### AVAILABLE DATA

lemma ordb_sums_bounded_snoc_iff:
  "ordb_sums_bounded b t (L @ [x]) \<longleftrightarrow> ordb_sums_bounded b t L \<and> ordb_sum b L x \<le> t"
  by (auto elim: ordb_sums_bounded.cases intro: ordb_sums_bounded.snoc)

lemma ordb_sums_bounded_take: "ordb_sums_bounded b t L \<Longrightarrow> ordb_sums_bounded b t (take n L)"
  by (induction rule: ordb_sums_bounded.induct) (auto intro: ordb_sums_bounded.intros simp: take_Cons')

lemma ordb_sums_bounded_mono:
  "ordb_sums_bounded b t L \<Longrightarrow> t \<le> t' \<Longrightarrow> ordb_sums_bounded b t' L"
  by (induction rule: ordb_sums_bounded.induct) (auto intro: ordb_sums_bounded.intros)

lemma ordb_sums_bounded_nth:
  assumes "ordb_sums_bounded b t L" "j < length L"
  shows "ordb_sum b (take j L) (L ! j) \<le> t"
proof -
  have "ordb_sums_bounded b t (take j L @ [L ! j])"
    using ordb_sums_bounded_take[OF assms(1), of "Suc j"] assms(2)
    by (simp add: take_Suc_conv_app_nth)
  then show ?thesis
    by (simp add: ordb_sums_bounded_snoc_iff)
qed

lemma b_ordering_list_ordb_sums_bounded:
  "b_ordering_list b U (L @ [z]) \<Longrightarrow> ordb_sums_bounded b (ordb_sum b L z) (L @ [z])"
proof (induction L arbitrary: z rule: rev_induct)
  case Nil
  then show ?case
    using ordb_sums_bounded.snoc[of b 0 "[]" z] by (simp add: ordb_sums_bounded.Nil)
next
  case (snoc x L)
  have "b_ordering_list b U ((L @ [x]) @ [z])"
    using snoc.prems by simp
  then have ordering: "b_ordering_list b U (L @ [x])" and "z \<in> U"
    using b_ordering_list_snoc_iff[of b U "L @ [x]" z] by blast+
  then have "ordb_sum b L x \<le> ordb_sum b L z"
    by (auto simp: b_ordering_list_snoc_iff)
  also have "\<dots> \<le> ordb_sum b (L @ [x]) z"
    by simp
  finally have "ordb_sums_bounded b (ordb_sum b (L @ [x]) z) (L @ [x])"
    using ordb_sums_bounded_mono snoc.IH[OF ordering] by blast
  then have "ordb_sums_bounded b (ordb_sum b (L @ [x]) z) ((L @ [x]) @ [z])"
    by (rule ordb_sums_bounded.snoc) simp
  then show ?case
    by simp
qed

lemma ordb_sum_filter_residue:
  assumes "y mod int b = r"
  shows "ordb_sum b (filter (\<lambda>x. x mod int b = r) L) y = ordb_sum b L y"
proof (induction L)
  case (Cons x L)
  have "ordb b (y - x) = 0" if "x mod int b \<noteq> r"
    using that assms by (simp add: ordb_eq_0_iff mod_eq_dvd_iff[symmetric])
  with Cons show ?case
    by simp
qed simp

lemma b_ordering_list_filter_residue:
  "b_ordering_list b U L \<Longrightarrow>
     b_ordering_list b {x\<in>U. x mod int b = r} (filter (\<lambda>x. x mod int b = r) L)"
  by (induction rule: b_ordering_list.induct)
    (auto intro!: b_ordering_list.intros simp: ordb_sum_filter_residue)

lemma ordb_sums_bounded_filter_residue:
  "ordb_sums_bounded b t L \<Longrightarrow> ordb_sums_bounded b t (filter (\<lambda>x. x mod int b = r) L)"
  by (induction rule: ordb_sums_bounded.induct)
    (auto intro!: ordb_sums_bounded.intros simp: ordb_sum_filter_residue)

lemma b_ordering_list_take_filter_residue:
  fixes n :: nat and r :: int
  assumes "b_ordering_list b U L"
  defines "L' \<equiv> take n (filter (\<lambda>x. x mod int b = r) L)"
  shows "b_ordering_list b (set L') L'"
proof -
  have "b_ordering_list b {x\<in>U. x mod int b = r} L'"
    unfolding L'_def by (rule b_ordering_list_take[OF b_ordering_list_filter_residue[OF assms(1)]])
  then show ?thesis
    by (rule b_ordering_list_subset)
      (use b_ordering_list_set[OF assms(1)] set_take_subset[of n "filter (\<lambda>x. x mod int b = r) L"]
        in \<open>auto simp: L'_def\<close>)
qed

lemma ordb_sum_filter_residue_nth_le:
  fixes r :: int
  assumes "b_ordering_list b U (A @ [z])"
  defines "Ar \<equiv> filter (\<lambda>x. x mod int b = r) (A @ [z])"
  assumes "j < length Ar"
  shows "ordb_sum b (take j Ar) (Ar ! j) \<le> ordb_sum b A z"
proof -
  have "ordb_sums_bounded b (ordb_sum b A z) Ar"
    unfolding Ar_def
    by (rule ordb_sums_bounded_filter_residue[OF b_ordering_list_ordb_sums_bounded[OF assms(1)]])
  then show ?thesis
    using assms(3) by (rule ordb_sums_bounded_nth)
qed

lemma ordb_sum_rescale:
  assumes "b \<noteq> 0" "\<forall>x\<in>set L. int b dvd x - c" "int b dvd y - c"
  defines "f \<equiv> \<lambda>x. (x - c) div int b"
  shows "ordb_sum b L y = of_nat (length L) + ordb_sum b (map f L) (f y)"
  using assms(2)
proof (induction L)
  case (Cons x L)
  have "y - x = int b * (f y - f x)"
    using Cons.prems assms(3) by (auto simp: f_def algebra_simps elim!: dvdE)
  then have "ordb b (y - x) = eSuc (ordb b (f y - f x))"
    using ordb_mult_self[OF assms(1)] by simp
  with Cons show ?case
    by (simp add: eSuc_plus_1 algebra_simps)
qed simp

lemma b_ordering_list_rescale:
  assumes "b \<noteq> 0" "\<forall>x\<in>U. int b dvd x - c" "b_ordering_list b U L"
  defines "f \<equiv> \<lambda>x. (x - c) div int b"
  shows "b_ordering_list b (f ` U) (map f L)"
  using assms(3)
proof (induction rule: b_ordering_list.induct)
  case Nil
  show ?case
    by (simp add: b_ordering_list.Nil)
next
  case (snoc L x)
  have "set L \<subseteq> U"
    using b_ordering_list_set[OF snoc.hyps(1)] .
  have "ordb_sum b (map f L) (f x) \<le> ordb_sum b (map f L) (f y)" if "y \<in> U" for y
  proof -
    have divisible: "\<forall>x\<in>set L. int b dvd x - c" "int b dvd x - c" "int b dvd y - c"
      using \<open>set L \<subseteq> U\<close> assms(2) snoc.hyps(2) that by auto
    have "ordb_sum b L x \<le> ordb_sum b L y"
      using snoc.hyps(3) that by blast
    then have "of_nat (length L) + ordb_sum b (map f L) (f x)
        \<le> of_nat (length L) + ordb_sum b (map f L) (f y)"
      using divisible by (simp add: ordb_sum_rescale[OF assms(1)] f_def)
    then show ?thesis
      by (simp add: of_nat_eq_enat enat_add_left_cancel_le)
  qed
  with snoc show ?case
    by (auto intro!: b_ordering_list.snoc)
qed

section \<open>Comparing b-ordered lists\<close>

text \<open>With C = c_0..c_{k-1} and A @ [z] = a_0..a_k, this is the claim proved by induction on T.\<close>

definition b_ordering_comparison :: "nat \<Rightarrow> int set \<Rightarrow> bool" where
  "b_ordering_comparison b T \<longleftrightarrow>
     (\<forall>C A z. b_ordering_list b T C \<longrightarrow> b_ordering_list b (set (A @ [z])) (A @ [z]) \<longrightarrow>
        set (A @ [z]) \<subseteq> T \<longrightarrow> length A = length C \<longrightarrow>
        (\<exists>y\<in>set (A @ [z]). ordb_sum b C y \<le> ordb_sum b A z))"

lemma b_ordering_comparison_subsingleton:
  assumes "T \<subseteq> {c}"
  shows "b_ordering_comparison b T"
  unfolding b_ordering_comparison_def
proof (intro allI impI)
  fix C A z
  assume "b_ordering_list b T C" "set (A @ [z]) \<subseteq> T" "length A = length C"
  then have "set C \<subseteq> {c}" "set A \<subseteq> {c}"
    using b_ordering_list_set[of b T C] assms by auto
  then have "C = A"
    using \<open>length A = length C\<close> by (metis replicate_eqI singletonD subsetD)
  then show "\<exists>y\<in>set (A @ [z]). ordb_sum b C y \<le> ordb_sum b A z"
    by auto
qed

######

TO DO: Across all the entries above, how many lines have the word "hyps" in them? Only the number, please.

EXERCISE RESPONSE: 3